Tazawa re-establishes himself; now it's Porcello's turn


BOSTON -- A tale of two pitchers:

1. Tuesday was a reminder of how important Junichi Tazawa is to the Red Sox bullpen.

Tazawa experienced some shoulder stiffness last week and didn't pitch in the four-game series in Toronto. Then, when the Sox got into a slugfest with Houston last Friday night, with both teams scoring in the seventh and eighth, Tazawa was missing in action. He had thrown a bullpen session in the afternoon and was unavailable that night.

But Tazawa pitched a scoreless inning in Sunday's comeback win against the Astros. Then, on Tuesday night against the Marlins, he entered the game with a runner in scoring position in the seventh and the Red Sox trailing, 3-1. He stranded the runner, and the Sox went ahead with three runs in the bottom of the inning. Tazawa then pitched a perfect eighth, setting the stage for Koji Uehara to close out the Sox' 4-3 victory.

Two games, eight batters faced, seven retired, no hits or runs allowed. And, not coincidentally, two one-run Boston wins.

As has been documented plenty, the Red Sox set-up relief is disturbingly thin beyond Tazawa and Alexi Ogando, especially with Ogando showing signs of wear-and- tear (allowing two homers and three runs on Sunday).

Chances are, if the Sox do indeed look to add later this month at the trade deadline, their chief focus will be on late-inning bullpen help.

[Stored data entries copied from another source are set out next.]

definition side_tree_bridges :: "nat \<Rightarrow> 'v set \<Rightarrow> (nat \<Rightarrow> 'v \<Rightarrow> 'v) \<Rightarrow> (nat \<times> 'v) set \<Rightarrow> bool" where
  "side_tree_bridges q B \<sigma> Va \<longleftrightarrow>
     (\<forall>a\<in>Va. g_bridge (const_verts q B \<sigma>) (const_edges q B) (const_ends \<sigma>) a \<and>
        g_tree (comp_minus_verts (const_verts q B \<sigma>) (const_edges q B) (const_ends \<sigma>) a (White (snd a)))
               (comp_minus_edges (const_verts q B \<sigma>) (const_edges q B) (const_ends \<sigma>) a (White (snd a)))
               (const_ends \<sigma>))"

definition path_no0 :: "nat \<Rightarrow> 'v set \<Rightarrow> (nat \<Rightarrow> 'v \<Rightarrow> 'v) \<Rightarrow> 'v list \<Rightarrow> nat list \<Rightarrow> bool" where
  "path_no0 q V \<sigma> vs cs \<longleftrightarrow> length vs = length cs + 1 \<and> distinct vs \<and> set vs \<subseteq> V \<and>
     (\<forall>k < length cs. 1 \<le> cs ! k \<and> cs ! k \<le> q \<and> vs ! (k + 1) = \<sigma> (cs ! k) (vs ! k))"

definition path_edges :: "'v list \<Rightarrow> nat list \<Rightarrow> (nat \<times> 'v set) set" where
  "path_edges vs cs = {(cs ! k, {vs ! k, vs ! (k + 1)}) | k. k < length cs}"

end

theory Submission
  imports Defs
begin

text \<open>Call a black vertex \<open>b\<close> bypassed when the two ends of its colour-0 edge are joined by
  a walk avoiding colour 0.  Walking once around the colour-\<open>c\<close> cycle of \<open>b\<close>, alternately
  along colour-\<open>c\<close> edges of \<open>G\<close> and along the bypasses of the other vertices of the cycle,
  shows that \<open>b\<close> is bypassed as soon as all other vertices of its cycle are.  Hence a vertex
  that is not bypassed has, on each of its cycles, another vertex that is not bypassed, and
  alternating between two colours (this uses \<open>q \<ge> 2\<close>) yields an infinite non-backtracking
  walk in \<open>S\<close>.  Started at the white end of a bridge \<open>a\<close> but not along \<open>a\<close>, this walk stays
  in the component of \<open>S - a\<close> up to its first repeated vertex and closes a cycle there; so
  when that component is a tree, the white end of \<open>a\<close> is bypassed.  Thus every vertex of
  \<open>V\<^sub>a\<close> is bypassed, and chaining these bypasses with the colour-\<open>i\<close> edges of \<open>G\<close> between
  consecutive corners joins \<open>e\<close> to \<open>e'\<close> avoiding colour 0.  A shortest such connection,
  extended by \<open>e\<close> and \<open>e'\<close>, is the required path.\<close>

section \<open>Iterated maps and their orbits\<close>

lemma first_repetition:
  fixes x :: "nat \<Rightarrow> 'a"
  assumes "finite (range x)"
  obtains m j where "m < j" "x m = x j" "inj_on x {..<j}"
proof -
  define rep where "rep j \<longleftrightarrow> (\<exists>m<j. x m = x j)" for j
  have "\<not> inj x"
    using assms finite_imageD infinite_UNIV_nat by blast
  then have "\<exists>j. rep j"
    unfolding inj_def rep_def by (metis linorder_neqE_nat)
  then obtain j where "rep j" and earlier: "\<And>k. k < j \<Longrightarrow> \<not> rep k"
    by (metis exists_least_iff)
  moreover have "inj_on x {..<j}"
    by (rule inj_onI) (metis earlier lessThan_iff linorder_neqE_nat rep_def)
  ultimately show thesis
    using that rep_def by blast
qed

In a perfect world, general manager Ben Cherington would obtain a lefty to help John Farrell with matchups.

But regardless of who's added, the eighth inning is already locked down, assuming Tazawa's shoulder -- and the rest of his body --holds up.

2. There's no overstating the importance of Rick Porcello's start Wednesday night.

Porcello has been brutal in the last month-and-a-half, and the Red Sox can't afford to have a momentum-killer in their rotation as they play catch-up in the standings.

Clay Buchholz has pitched like a true front-of-the-rotation starter since April and Eduardo Rodriguez has allowed one or no runs in six of his eight starts.

Wade Miley is second on the team in quality starts, and what the Sox do with the fifth spot -- Steven Wright? Justin Masterson? Brian Johnson? - is yet to be determined.

But Porcello needs to take a step forward Wednesday and show at least some improvement. The Sox can't afford to have any more outings like the disastrous one Porcello turned in last Wednesday afternoon in Toronto.

The team's options are limited. Porcello is signed for four more years after this one. He can't be sent to the minors to work on things unless he agrees to do so.

The best path would be a modest step tonight -- say, six innings, three runs allowed -- that would give him some confidence going into the All-Star break and signal that he has at least begun to figure some things out.